EXTRACTED ENTRIES:

(* Every Gaussian distribution on $\mathbb{R}^n$ satisfies $\mathrm{IC}(1)$.
   Context: For functions $f,g:\mathbb{R}^n\to(-\infty,\infty]$ the infimum convolution is $\inf_{y\in\mathbb{R}^n}\{f(x-y)+g(y)\}$. A pair $(\mu,W)$, with $\mu$ a probability measure on $\mathbb{R}^n$ and $W:\mathbb{R}^n\to[0,\infty]$, satisfies property $(\tau)$ if for every bounded function $f$, $\int e^{h}\,d\mu\int e^{-f}\,d\mu\le 1$, where $h(x)=\inf_{y}\{W(x-y)+f(y)\}$. For a measure $\mu$, $\mu'$ is its reflection through the origin, $\overline{\mu}=\mu*\mu'$, $\Lambda_\mu=\ln M_\mu$ with $M_\mu(x)=\int e^{\langle x,y\rangle}d\mu(y)$, and $\Lambda^*_\mu(x)=\sup_y\{\langle x,y\rangle-\Lambda_\mu(y)\}$ is the Cramer transform. A probability measure $\mu$ satisfies $\mathrm{IC}(\beta)$ ($\beta>0$) if the pair $(\mu,\Lambda^*_{\overline{\mu}}(\cdot/\beta))$ satisfies property $(\tau)$. *)

theory Defs
  imports "HOL-Probability.Probability"
begin

definition eexp :: "ereal \<Rightarrow> ennreal" where
  "eexp t = (if t = \<infinity> then \<infinity> else if t = - \<infinity> then 0 else ennreal (exp (real_of_ereal t)))"

definition outer_nn_integral :: "'a measure \<Rightarrow> ('a \<Rightarrow> ennreal) \<Rightarrow> ennreal" where
  "outer_nn_integral M f =
     (INF g \<in> {g \<in> borel_measurable M. \<forall>x\<in>space M. f x \<le> g x}. nn_integral M g)"

definition inf_conv :: "('a::ab_group_add \<Rightarrow> ereal) \<Rightarrow> ('a \<Rightarrow> ereal) \<Rightarrow> 'a \<Rightarrow> ereal" where
  "inf_conv f g x = (INF y. f (x - y) + g y)"

definition property_tau :: "'a::euclidean_space measure \<Rightarrow> ('a \<Rightarrow> ereal) \<Rightarrow> bool" where
  "property_tau \<mu> W \<longleftrightarrow>
     (\<forall>f :: 'a \<Rightarrow> real. f \<in> borel_measurable borel \<longrightarrow> bounded (range f) \<longrightarrow>
        outer_nn_integral \<mu> (\<lambda>x. eexp (inf_conv W (\<lambda>y. ereal (f y)) x))
          * (\<integral>\<^sup>+ x. ennreal (exp (- f x)) \<partial>\<mu>) \<le> 1)"

definition reflect :: "'a::euclidean_space measure \<Rightarrow> 'a measure" where
  "reflect \<mu> = distr \<mu> borel uminus"

definition symmetrization :: "'a::euclidean_space measure \<Rightarrow> 'a measure" where
  "symmetrization \<mu> = distr (\<mu> \<Otimes>\<^sub>M reflect \<mu>) borel (\<lambda>(x, y). x + y)"

definition mgf :: "'a::euclidean_space measure \<Rightarrow> 'a \<Rightarrow> ennreal" where
  "mgf \<mu> x = (\<integral>\<^sup>+ y. ennreal (exp (x \<bullet> y)) \<partial>\<mu>)"

definition log_mgf :: "'a::euclidean_space measure \<Rightarrow> 'a \<Rightarrow> ereal" where
  "log_mgf \<mu> x = (if mgf \<mu> x = \<infinity> then \<infinity> else ereal (ln (enn2real (mgf \<mu> x))))"

definition cramer :: "'a::euclidean_space measure \<Rightarrow> 'a \<Rightarrow> ereal" where
  "cramer \<mu> x = (SUP y. ereal (x \<bullet> y) - log_mgf \<mu> y)"

definition IC :: "real \<Rightarrow> 'a::euclidean_space measure \<Rightarrow> bool" where
  "IC \<beta> \<mu> \<longleftrightarrow> prob_space \<mu> \<and> sets \<mu> = sets borel \<and>
     property_tau \<mu> (\<lambda>x. cramer (symmetrization \<mu>) (x /\<^sub>R \<beta>))"

definition std_gaussian :: "'a::euclidean_space measure" where
  "std_gaussian = density lborel
     (\<lambda>x::'a. ennreal ((2 * pi) powr (- real DIM('a) / 2) * exp (- (norm x)\<^sup>2 / 2)))"

text \<open>Gaussian = affine image of the standard Gaussian (possibly degenerate).\<close>
definition gaussian :: "'a::euclidean_space measure \<Rightarrow> bool" where
  "gaussian \<mu> \<longleftrightarrow> (\<exists>A b. linear A \<and> \<mu> = distr (std_gaussian :: 'a measure) borel (\<lambda>x. A x + b))"

end

theory Submission
  imports Defs
begin

text \<open>If \<open>H x \<le> |x - y|\<^sup>2 / 4 + F y\<close> for all \<open>x, y\<close>, the parallelogram identity gives
  \<open>e\<^bsup>H x - |x|\<^sup>2/2\<^esup> e\<^bsup>-F y - |y|\<^sup>2/2\<^esup> \<le> (e\<^bsup>-|(x+y)/2|\<^sup>2/2\<^esup>)\<^sup>2\<close>, so the
  Prekopa--Leindler inequality yields Maurey's inequality
  \<open>\<integral> e\<^sup>H d\<gamma> \<integral> e\<^bsup>-F\<^esup> d\<gamma> \<le> 1\<close> for the standard Gaussian \<open>\<gamma>\<close>: the pair \<open>(\<gamma>, |\<cdot>|\<^sup>2/4)\<close>
  has property \<open>(\<tau>)\<close>. Prekopa--Leindler itself follows from the one-dimensional
  Brunn--Minkowski inequality \<open>|A| + |B| \<le> 2 |(A + B)/2|\<close> applied to level sets, and is
  tensorised over coordinates.

  A Gaussian \<open>\<mu>\<close> is the image of \<open>\<gamma>\<close> under \<open>u \<mapsto> A u + b\<close>. Its symmetrisation has Laplace
  transform \<open>exp |A\<^sup>T y|\<^sup>2\<close>, so the Cramer transform at \<open>A w\<close> is at most
  \<open>sup\<^sub>z (\<langle>w, z\<rangle> - |z|\<^sup>2) = |w|\<^sup>2/4\<close>. The infimum convolution for \<open>\<mu>\<close> is therefore dominated along
  the affine map by the Gaussian one for the pulled-back function, and \<open>(\<tau>)\<close> transfers to \<open>\<mu>\<close>.\<close>

section \<open>Brunn--Minkowski on the line\<close>

lemma emeasure_lborel_affine_preimage:
  fixes S :: "real set"
  assumes S[measurable]: "S \<in> sets borel" and c: "c \<noteq> 0"
  shows "emeasure lborel S = ennreal \<bar>c\<bar> * emeasure lborel {x. t + c * x \<in> S}"
proof -
  have "emeasure lborel S = (\<integral>\<^sup>+x. indicator S x \<partial>lborel)"
    by simp
  also have "\<dots> = ennreal \<bar>c\<bar> * (\<integral>\<^sup>+x. indicator S (t + c * x) \<partial>lborel)"
    using c by (intro nn_integral_real_affine) auto
  also have "(\<lambda>x. indicator S (t + c * x) :: ennreal) = indicator {x. t + c * x \<in> S}"
    by (auto simp: indicator_def)
  finally show ?thesis
    by simp
qed

text \<open>\<open>(A \<inter> {..k} + l) / 2\<close> and \<open>(k + B \<inter> {l<..}) / 2\<close> lie in \<open>C\<close>, on either side of \<open>(k + l) / 2\<close>.\<close>

lemma emeasure_segments_le_midpoint_set:
  fixes A B C :: "real set"
  assumes [measurable]: "A \<in> sets borel" "B \<in> sets borel" "C \<in> sets borel"
    and k: "k \<in> A" and l: "l \<in> B" and mid: "\<And>x y. x \<in> A \<Longrightarrow> y \<in> B \<Longrightarrow> (x + y) / 2 \<in> C"
  shows "emeasure lborel (A \<inter> {..k}) + emeasure lborel (B \<inter> {l..}) \<le> 2 * emeasure lborel C"
proof -
  define m where "m = (k + l) / 2"
  define C\<^sub>1 where "C\<^sub>1 = {x. l/2 + 1/2 * x \<in> C \<inter> {..m}}"
  define C\<^sub>2 where "C\<^sub>2 = {x. k/2 + 1/2 * x \<in> C \<inter> {m<..}}"
  have [measurable]: "C\<^sub>1 \<in> sets borel" "C\<^sub>2 \<in> sets borel"
    by (simp_all add: C\<^sub>1_def C\<^sub>2_def)
  have "emeasure lborel (B \<inter> {l..}) \<le> emeasure lborel (B \<inter> {l<..} \<union> {l})"
    by (rule emeasure_mono) auto
  also have "\<dots> \<le> emeasure lborel (B \<inter> {l<..}) + emeasure lborel {l}"
    by (rule emeasure_subadditive) auto
  finally have "emeasure lborel (B \<inter> {l..}) \<le> emeasure lborel (B \<inter> {l<..})"
    by simp
  moreover have "A \<inter> {..k} \<subseteq> C\<^sub>1" "B \<inter> {l<..} \<subseteq> C\<^sub>2"
    using mid[OF _ l] mid[OF k] by (auto simp: C\<^sub>1_def C\<^sub>2_def m_def add_divide_distrib add.commute)
  then have "emeasure lborel (A \<inter> {..k}) \<le> emeasure lborel C\<^sub>1"
      "emeasure lborel (B \<inter> {l<..}) \<le> emeasure lborel C\<^sub>2"
    by (auto intro: emeasure_mono)
  ultimately have "emeasure lborel (A \<inter> {..k}) + emeasure lborel (B \<inter> {l..})
      \<le> emeasure lborel C\<^sub>1 + emeasure lborel C\<^sub>2"
    by (meson add_mono order_trans)
  also have "\<dots> = 2 * emeasure lborel (C \<inter> {..m}) + 2 * emeasure lborel (C \<inter> {m<..})"
  proof -
    have "ennreal 2 * ennreal \<bar>1/2\<bar> = ennreal (2 * \<bar>1/2\<bar>)"
      by (rule ennreal_mult[symmetric]) auto
    then have half: "2 * (ennreal \<bar>1/2\<bar> * X) = X" for X :: ennreal
      by (simp add: mult.assoc[symmetric])
    have "emeasure lborel (C \<inter> {..m}) = ennreal \<bar>1/2\<bar> * emeasure lborel C\<^sub>1"
      "emeasure lborel (C \<inter> {m<..}) = ennreal \<bar>1/2\<bar> * emeasure lborel C\<^sub>2"
      unfolding C\<^sub>1_def C\<^sub>2_def by (rule emeasure_lborel_affine_preimage; simp)+
    then show ?thesis
      by (simp only: half)
  qed
  also have "\<dots> = 2 * emeasure lborel (C \<inter> {..m} \<union> C \<inter> {m<..})"
    by (subst plus_emeasure[symmetric]) (auto simp: distrib_left)
  also have "C \<inter> {..m} \<union> C \<inter> {m<..} = C"
    by auto
  finally show ?thesis .
qed

lemma incseq_exhausting_no_max:
  fixes A :: "real set"
  assumes ne: "A \<noteq> {}" and no_max: "\<And>k. k \<in> A \<Longrightarrow> \<exists>x\<in>A. k < x"
  obtains t :: "nat \<Rightarrow> real" where "incseq t" "\<And>n. \<exists>k\<in>A. t n \<le> k" "A \<subseteq> (\<Union>n. {..t n})"
proof (cases "bdd_above A")
  case True
  define t where "t n = Sup A - inverse (real (Suc n))" for n
  have "incseq t"
    unfolding t_def by (intro incseq_SucI) (simp add: field_simps)
  moreover have "\<exists>k\<in>A. t n \<le> k" for n
    using less_cSup_iff[OF ne True, of "t n"] by (auto simp: t_def intro: less_imp_le)
  moreover have "A \<subseteq> (\<Union>n. {..t n})"
  proof
    fix x assume x: "x \<in> A"
    obtain y where "y \<in> A" "x < y"
      using no_max[OF x] by blast
    then have "0 < Sup A - x"
      using cSup_upper[OF _ True] by fastforce
    then obtain n where "inverse (real (Suc n)) < Sup A - x"
      using reals_Archimedean by blast
    then show "x \<in> (\<Union>n. {..t n})"
      by (auto simp: t_def intro!: exI[of _ n])
  qed
  ultimately show ?thesis
    using that by blast
next
  case False
  have "\<exists>k\<in>A. real n \<le> k" for n
    using False unfolding bdd_above_def by (auto simp: not_le intro: less_imp_le)
  moreover have "A \<subseteq> (\<Union>n. {..real n})"
    using real_arch_simple by auto
  ultimately show ?thesis
    using that[of real] by (auto simp: incseq_def)
qed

WORK INSTRUCTION: Every line of the listing above that includes "using" should be copied out.

RESPONSE TO THE EXERCISE:
    using c by (intro nn_integral_real_affine) auto
    using mid[OF _ l] mid[OF k] by (auto simp: C\<^sub>1_def C\<^sub>2_def m_def add_divide_distrib add.commute)
    using less_cSup_iff[OF ne True, of "t n"] by (auto simp: t_def intro: less_imp_le)
      using no_max[OF x] by blast
      using cSup_upper[OF _ True] by fastforce
      using reals_Archimedean by blast
    using that by blast
    using False unfolding bdd_above_def by (auto simp: not_le intro: less_imp_le)
    using real_arch_simple by auto
    using that[of real] by (auto simp: incseq_def)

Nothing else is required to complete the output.